**WORK TASK**
Which lines below contain the word "longleftrightarrow"? Copy each one.

**DATA EXTRACT**
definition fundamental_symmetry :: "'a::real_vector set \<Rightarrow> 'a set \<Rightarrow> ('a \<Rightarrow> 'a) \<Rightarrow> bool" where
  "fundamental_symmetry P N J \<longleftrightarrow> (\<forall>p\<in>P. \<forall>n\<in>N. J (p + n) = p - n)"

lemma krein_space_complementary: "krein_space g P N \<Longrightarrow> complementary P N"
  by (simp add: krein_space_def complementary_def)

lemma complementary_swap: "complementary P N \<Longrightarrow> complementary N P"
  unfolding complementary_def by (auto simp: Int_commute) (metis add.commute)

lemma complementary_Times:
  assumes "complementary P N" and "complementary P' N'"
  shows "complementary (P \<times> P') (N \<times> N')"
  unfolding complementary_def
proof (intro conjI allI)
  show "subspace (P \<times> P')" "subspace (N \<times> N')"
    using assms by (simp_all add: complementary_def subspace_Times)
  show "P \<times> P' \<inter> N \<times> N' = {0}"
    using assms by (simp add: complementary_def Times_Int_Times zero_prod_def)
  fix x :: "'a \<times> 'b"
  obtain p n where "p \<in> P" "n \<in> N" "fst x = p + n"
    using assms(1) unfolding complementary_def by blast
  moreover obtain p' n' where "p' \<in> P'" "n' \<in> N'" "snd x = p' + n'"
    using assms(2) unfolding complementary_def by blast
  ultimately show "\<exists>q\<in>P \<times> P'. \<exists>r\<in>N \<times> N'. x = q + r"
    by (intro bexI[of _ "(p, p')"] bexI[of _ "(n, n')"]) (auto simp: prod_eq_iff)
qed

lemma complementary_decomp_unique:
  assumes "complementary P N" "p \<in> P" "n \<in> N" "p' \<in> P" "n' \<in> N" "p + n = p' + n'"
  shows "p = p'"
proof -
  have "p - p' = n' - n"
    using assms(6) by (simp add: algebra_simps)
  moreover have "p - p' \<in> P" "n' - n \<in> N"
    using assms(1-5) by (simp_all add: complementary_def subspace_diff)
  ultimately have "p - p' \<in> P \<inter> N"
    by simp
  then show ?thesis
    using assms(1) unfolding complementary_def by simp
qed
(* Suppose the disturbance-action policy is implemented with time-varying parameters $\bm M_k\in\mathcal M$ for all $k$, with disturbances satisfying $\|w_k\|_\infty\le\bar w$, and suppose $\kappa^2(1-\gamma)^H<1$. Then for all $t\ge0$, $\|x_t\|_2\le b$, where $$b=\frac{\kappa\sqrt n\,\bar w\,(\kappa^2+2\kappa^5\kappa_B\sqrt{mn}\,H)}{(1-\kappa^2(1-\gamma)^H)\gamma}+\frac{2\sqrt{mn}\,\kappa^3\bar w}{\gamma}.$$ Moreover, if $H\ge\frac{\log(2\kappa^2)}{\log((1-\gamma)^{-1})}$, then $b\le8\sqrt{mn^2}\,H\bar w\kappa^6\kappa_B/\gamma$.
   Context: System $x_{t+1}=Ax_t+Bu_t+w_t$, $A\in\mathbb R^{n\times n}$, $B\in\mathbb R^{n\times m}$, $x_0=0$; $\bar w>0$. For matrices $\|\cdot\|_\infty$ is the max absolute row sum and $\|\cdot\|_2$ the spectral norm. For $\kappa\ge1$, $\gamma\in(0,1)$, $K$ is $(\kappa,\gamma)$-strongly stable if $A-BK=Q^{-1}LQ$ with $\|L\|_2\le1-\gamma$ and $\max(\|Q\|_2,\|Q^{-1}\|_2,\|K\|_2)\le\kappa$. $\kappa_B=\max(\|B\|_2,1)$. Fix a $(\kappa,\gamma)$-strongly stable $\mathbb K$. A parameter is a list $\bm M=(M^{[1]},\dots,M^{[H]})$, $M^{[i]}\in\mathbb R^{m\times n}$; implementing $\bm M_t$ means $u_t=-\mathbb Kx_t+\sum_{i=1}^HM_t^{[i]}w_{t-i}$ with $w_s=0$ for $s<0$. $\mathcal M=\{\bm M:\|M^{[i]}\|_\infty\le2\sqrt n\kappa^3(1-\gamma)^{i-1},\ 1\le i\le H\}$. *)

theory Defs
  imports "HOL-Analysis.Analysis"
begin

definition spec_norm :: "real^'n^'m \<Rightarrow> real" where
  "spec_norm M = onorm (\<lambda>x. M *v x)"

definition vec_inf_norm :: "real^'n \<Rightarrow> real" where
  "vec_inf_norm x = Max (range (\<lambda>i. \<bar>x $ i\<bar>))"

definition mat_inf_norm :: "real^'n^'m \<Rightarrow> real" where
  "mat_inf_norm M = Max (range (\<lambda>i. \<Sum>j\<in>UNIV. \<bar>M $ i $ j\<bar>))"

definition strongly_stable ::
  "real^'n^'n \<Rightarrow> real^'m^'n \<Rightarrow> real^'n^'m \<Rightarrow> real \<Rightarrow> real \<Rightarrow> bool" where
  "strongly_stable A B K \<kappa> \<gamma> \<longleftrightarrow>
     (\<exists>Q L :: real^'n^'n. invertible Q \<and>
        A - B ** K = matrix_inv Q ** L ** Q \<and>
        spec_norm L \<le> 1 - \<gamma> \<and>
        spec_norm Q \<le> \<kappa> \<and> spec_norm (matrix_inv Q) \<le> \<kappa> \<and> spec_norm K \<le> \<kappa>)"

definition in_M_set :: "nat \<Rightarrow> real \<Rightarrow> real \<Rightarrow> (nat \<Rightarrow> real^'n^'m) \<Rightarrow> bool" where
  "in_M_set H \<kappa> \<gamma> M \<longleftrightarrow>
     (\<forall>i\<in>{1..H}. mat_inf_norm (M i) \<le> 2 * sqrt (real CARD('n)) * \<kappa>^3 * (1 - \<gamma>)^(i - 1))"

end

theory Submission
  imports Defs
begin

**EXERCISE ANSWER**
  "fundamental_symmetry P N J \<longleftrightarrow> (\<forall>p\<in>P. \<forall>n\<in>N. J (p + n) = p - n)"
  "strongly_stable A B K \<kappa> \<gamma> \<longleftrightarrow>
  "in_M_set H \<kappa> \<gamma> M \<longleftrightarrow>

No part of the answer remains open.